Segment Start: Input for this task
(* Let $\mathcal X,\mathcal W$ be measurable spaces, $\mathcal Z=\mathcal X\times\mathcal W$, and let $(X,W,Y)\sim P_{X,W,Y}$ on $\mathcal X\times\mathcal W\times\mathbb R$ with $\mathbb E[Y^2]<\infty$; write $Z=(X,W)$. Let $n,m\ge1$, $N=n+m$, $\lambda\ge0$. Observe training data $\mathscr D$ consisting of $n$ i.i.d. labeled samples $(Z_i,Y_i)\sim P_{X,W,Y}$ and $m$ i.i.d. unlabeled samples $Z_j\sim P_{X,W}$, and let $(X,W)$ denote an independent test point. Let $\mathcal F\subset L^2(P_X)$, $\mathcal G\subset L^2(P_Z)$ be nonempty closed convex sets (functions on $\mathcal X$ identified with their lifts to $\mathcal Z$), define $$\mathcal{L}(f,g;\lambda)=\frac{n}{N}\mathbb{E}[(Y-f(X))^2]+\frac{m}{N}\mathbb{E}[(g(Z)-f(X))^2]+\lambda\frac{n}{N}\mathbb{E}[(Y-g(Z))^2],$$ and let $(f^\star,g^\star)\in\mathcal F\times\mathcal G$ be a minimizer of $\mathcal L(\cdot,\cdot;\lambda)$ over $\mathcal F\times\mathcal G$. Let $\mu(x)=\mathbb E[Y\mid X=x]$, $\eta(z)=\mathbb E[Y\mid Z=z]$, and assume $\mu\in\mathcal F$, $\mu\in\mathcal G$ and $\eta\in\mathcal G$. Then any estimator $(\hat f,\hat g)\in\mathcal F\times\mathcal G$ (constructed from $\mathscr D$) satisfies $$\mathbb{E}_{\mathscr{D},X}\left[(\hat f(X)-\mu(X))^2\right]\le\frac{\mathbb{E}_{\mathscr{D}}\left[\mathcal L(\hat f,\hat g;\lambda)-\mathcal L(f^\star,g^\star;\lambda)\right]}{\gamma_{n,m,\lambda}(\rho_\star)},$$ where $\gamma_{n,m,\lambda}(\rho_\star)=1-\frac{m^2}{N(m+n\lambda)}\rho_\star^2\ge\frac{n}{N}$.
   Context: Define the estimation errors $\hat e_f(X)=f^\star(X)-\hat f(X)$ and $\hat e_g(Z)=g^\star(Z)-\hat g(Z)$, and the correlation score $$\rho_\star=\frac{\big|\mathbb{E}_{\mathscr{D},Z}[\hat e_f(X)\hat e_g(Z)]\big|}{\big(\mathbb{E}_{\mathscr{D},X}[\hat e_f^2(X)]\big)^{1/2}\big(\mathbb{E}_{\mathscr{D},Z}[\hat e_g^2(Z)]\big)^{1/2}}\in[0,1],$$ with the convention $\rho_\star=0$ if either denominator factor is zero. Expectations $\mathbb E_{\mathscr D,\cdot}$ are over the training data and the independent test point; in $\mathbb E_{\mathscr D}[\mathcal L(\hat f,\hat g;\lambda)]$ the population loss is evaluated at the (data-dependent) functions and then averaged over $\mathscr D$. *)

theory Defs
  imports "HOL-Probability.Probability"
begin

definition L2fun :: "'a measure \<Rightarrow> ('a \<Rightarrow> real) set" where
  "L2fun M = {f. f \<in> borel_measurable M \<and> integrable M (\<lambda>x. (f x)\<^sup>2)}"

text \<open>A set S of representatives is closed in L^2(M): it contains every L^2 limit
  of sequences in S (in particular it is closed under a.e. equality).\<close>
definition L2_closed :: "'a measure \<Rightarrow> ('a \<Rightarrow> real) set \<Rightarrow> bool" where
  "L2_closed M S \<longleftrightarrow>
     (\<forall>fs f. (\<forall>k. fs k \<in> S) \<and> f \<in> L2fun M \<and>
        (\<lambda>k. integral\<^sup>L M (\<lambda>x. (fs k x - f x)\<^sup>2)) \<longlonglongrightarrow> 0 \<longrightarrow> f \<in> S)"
Segment End: Input for this task
▶ [How to complete this task] Word for word, restate the lines of the listing above starting at the line with "text \<open>A set" and ending at the line with "(\<forall>fs f. (\<forall>k.", and nothing outside them.

▶ [The completed task]
text \<open>A set S of representatives is closed in L^2(M): it contains every L^2 limit
  of sequences in S (in particular it is closed under a.e. equality).\<close>
definition L2_closed :: "'a measure \<Rightarrow> ('a \<Rightarrow> real) set \<Rightarrow> bool" where
  "L2_closed M S \<longleftrightarrow>
     (\<forall>fs f. (\<forall>k. fs k \<in> S) \<and> f \<in> L2fun M \<and>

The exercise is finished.